God placed the couple in a garden and instructed them to avoid one tree.

“You can eat from any tree in the garden, except from the Tree of Knowledge of Good and Evil. Don’t eat from it. The moment you eat from that tree, you’re dead.”

Eve remembers God saying, “Don’t eat from it, don’t even touch it or you’ll die.”

In the ancient Jewish language of this story the word “knowledge” in such a context refers to having an experience and not theoretical knowledge, as we understand the word today.

Do note that the name of the tree is Knowledge of Good and Evil, and not Good versus Evil. The implication is that good and evil are so often paired.

The story has a talking serpent deceiving Eve into eating the fruit of the forbidden tree.

“Eating the fruit” in Jewish idiom has similar connotations to the Cantonese expression “sik lui”, which means eating money.

When God warns Adam and Eve that they will die if they eat or touch the fruit, it is patently obvious that physical death wasn’t meant. Rather, corruption will cause the death of society.

After eating the fruit “the eyes of both of them were opened, and they realised they were naked; and they sewed fig leaves together and made themselves coverings.”

It’s tempting to believe that they indulged in sex and felt ashamed, but that is not the intended meaning because Adam and Eve became man and wife right after Eve’s creation and were entitled to sexual relations.

As the story says upon Eve’s creation, a man and his wife “shall become one flesh. And they were both naked, the man and his wife, and were not ashamed.”

Jewish custom holds no qualms about marital sex, as soon as you tie the knot you can lie naked together without shame.

After the fruit has been eaten, God searches for Adam who has gone into hiding with his wife. “Where are you?” God asks.

Adam replies, “I heard Your voice in the garden, and I was afraid because I was naked; and I hid myself.”

They were afraid to be seen naked by God who had created them naked.

A married couple need not cover their nakedness, but the nakedness of corruption is covered up.

Cash is king and changes hands under cover.

You may ask what corrupt act did Adam and Eve partake in.

Their story isn’t a historical account of the lives of two persons, but the Torah’s literary way of dramatising human corruptibility.

Corruption isn’t just monetary, the Torah describes its scope as embracing the political, sexual and worldview dimensions as well.

Obtaining a position to advance your lust for power at the expense of society is political corruption, persuading a distraught rape victim in court to marry her violent rapist is sexual corruption, and giving primacy to bipolar sectarian demands is worldview corruption.

Corruption is hard to resist because the deed brings personal good.
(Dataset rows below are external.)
(* Let $\lambda>0$ be a scalar and let $T\mathcal{S}^3=\{(q,p)\in\mathbb{R}^4\times\mathbb{R}^4:\ \|q\|=1,\ q^Tp=0\}$. Define the binary operation, for $g_1=(q_1,p_1)$, $g_2=(q_2,p_2)\in T\mathcal{S}^3$, $$g_1\cdot g_2=\Big(Q(q_1)q_2,\ Q(q_1)p_2+W(q_2)p_1+\lambda Q(q_1)\big(q_{0,2}q_2-\bar 1\big)+\lambda W(q_2)\big(q_{0,1}q_1-\bar 1\big)-\lambda\big(q_{0,12}\,Q(q_1)q_2-\bar 1\big)\Big),$$ where $q_{0,i}$ is the first (scalar) component of $q_i$, $q_{0,12}$ is the first component of $Q(q_1)q_2$, and $\bar 1=[1,0,0,0]^T$. Then $T\mathcal{S}^3$ is a Lie group under this operation, with identity $e=(\bar 1,0_{4\times1})$ and inverse $g^{-1}=(q^{-1},p^{-1})$ for $g=(q,p)$, where $q^{-1}=[q_0,-\vec q^{\,T}]^T$ and $p^{-1}=[p_0,-\vec p^{\,T}]^T$ (writing $q=[q_0,\vec q^{\,T}]^T$, $p=[p_0,\vec p^{\,T}]^T$).
   Context: Notation: for $u\in\mathbb{R}^3$, $u^{\wedge}$ is the skew-symmetric matrix with $u^{\wedge}v=u\times v$. For $x=[x_0,\vec x^{\,T}]^T\in\mathbb{R}^4$: $Q(x)=\begin{bmatrix}x_0&-\vec x^{\,T}\\ \vec x& x_0I_3+\vec x^{\wedge}\end{bmatrix}$ and $W(x)=\begin{bmatrix}x_0&-\vec x^{\,T}\\ \vec x& x_0I_3-\vec x^{\wedge}\end{bmatrix}$. For $q_1,q_2\in\mathcal{S}^3$, $Q(q_1)q_2$ is the quaternion product $q_1\otimes q_2\in\mathcal{S}^3$. $T\mathcal{S}^3$ is the tangent bundle of the unit sphere $\mathcal{S}^3\subset\mathbb{R}^4$. *)

theory Defs
  imports "HOL-Analysis.Analysis" "HOL-Algebra.Group"
begin

text \<open>Vectors x in R^4 are written x = [x0, x1, x2, x3]; in Isabelle x$1 = x0,
  x$2, x$3, x$4 are the components (x$1 is the scalar part).\<close>

definition hat :: "real^3 \<Rightarrow> real^3^3" where
  "hat u = vector [vector [0, -(u$3), u$2],
                   vector [u$3, 0, -(u$1)],
                   vector [-(u$2), u$1, 0]]"

definition vecpart :: "real^4 \<Rightarrow> real^3" where
  "vecpart x = vector [x$2, x$3, x$4]"

text \<open>Q(x) = [[x0, -vec x^T],[vec x, x0 I3 + hat(vec x)]] and
  W(x) = [[x0, -vec x^T],[vec x, x0 I3 - hat(vec x)]], assembled entrywise
  from the block description (indices 2..4 of the 4x4 matrix correspond to 1..3
  of the 3x3 block).\<close>

definition idx3 :: "4 \<Rightarrow> 3" where
  "idx3 i = (if i = 2 then 1 else if i = 3 then 2 else 3)"

definition Qm :: "real^4 \<Rightarrow> real^4^4" where
  "Qm x = (\<chi> i j.
     if i = 1 \<and> j = 1 then x$1
     else if i = 1 then - (x$j)
     else if j = 1 then x$i
     else (if i = j then x$1 else 0) + hat (vecpart x) $ idx3 i $ idx3 j)"

definition Wm :: "real^4 \<Rightarrow> real^4^4" where
  "Wm x = (\<chi> i j.
     if i = 1 \<and> j = 1 then x$1
     else if i = 1 then - (x$j)
     else if j = 1 then x$i
     else (if i = j then x$1 else 0) - hat (vecpart x) $ idx3 i $ idx3 j)"

definition one4 :: "real^4" where
  "one4 = vector [1, 0, 0, 0]"

definition TS3 :: "((real^4) \<times> (real^4)) set" where
  "TS3 = {(q, p). norm q = 1 \<and> q \<bullet> p = 0}"

definition tmul :: "real \<Rightarrow> ((real^4) \<times> (real^4)) \<Rightarrow> ((real^4) \<times> (real^4)) \<Rightarrow> ((real^4) \<times> (real^4))" where
  "tmul lam g1 g2 = (case g1 of (q1, p1) \<Rightarrow> case g2 of (q2, p2) \<Rightarrow>
     (Qm q1 *v q2,
      Qm q1 *v p2 + Wm q2 *v p1
      + lam *\<^sub>R (Qm q1 *v ((q2$1) *\<^sub>R q2 - one4))
      + lam *\<^sub>R (Wm q2 *v ((q1$1) *\<^sub>R q1 - one4))
      - lam *\<^sub>R (((Qm q1 *v q2)$1) *\<^sub>R (Qm q1 *v q2) - one4)))"

definition conj4 :: "real^4 \<Rightarrow> real^4" where
  "conj4 x = vector [x$1, -(x$2), -(x$3), -(x$4)]"

definition tinv :: "((real^4) \<times> (real^4)) \<Rightarrow> ((real^4) \<times> (real^4))" where
  "tinv g = (case g of (q, p) \<Rightarrow> (conj4 q, conj4 p))"

definition TS3_group :: "real \<Rightarrow> ((real^4) \<times> (real^4)) monoid" where
  "TS3_group lam = \<lparr>carrier = TS3, mult = tmul lam, one = (one4, 0)\<rparr>"

text \<open>C-infinity smoothness of a real-valued function on a Euclidean space:
  differentiable everywhere, and every partial derivative is again smooth
  (greatest fixed point, i.e. derivatives of all orders exist).\<close>
coinductive smooth_real :: "('a::euclidean_space \<Rightarrow> real) \<Rightarrow> bool" where
  "(\<And>x. f differentiable (at x)) \<Longrightarrow>
   (\<And>b. b \<in> Basis \<Longrightarrow> smooth_real (\<lambda>x. frechet_derivative f (at x) b)) \<Longrightarrow>
   smooth_real f"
If you benefit from the deed, you find it good and you ignore the evil it creates for society.

As the story says: “When the woman saw that the fruit of the tree was good for food and pleasing to the eye, and also desirable for gaining seichel (Hebrew), she took some and ate it. She also gave some to her husband, who was with her, and he ate it.”

The Hebrew word seichel means common sense or being streetwise.

Adam and Eve are driven out of the paradisial garden of Eden to live a perilous existence outside.

If you live in a society free of corruption, that’s a garden of Eden; if you live in a graft-ridden society where everyone is either giving or taking bribes, your existence will be endangered.

The Torah’s next story is the tragic tale of Cain and Abel, the first two children of Adam and Eve. The third story is Noah’s Ark, and here we see the final destructive effects of corruption.

After introducing Noah, the Torah comments: “God saw how corrupt the earth had become, for all the people on earth had corrupted their ways. So God said to Noah, ‘I am going to put an end to all people, for the earth is filled with violence because of them’.” Corruption induces violence and brings humanity to a destructive end.

It is the mission of religion to eliminate corruption, because it is the cause of our fall into damnation.

Yet the response of religious authorities to the Rasuah Busters campaign is lukewarm.

With the vast majority of citizens beholden to the preachers, the absence of anti-graft sermons at the pulpits will render the campaign less effective than it can be.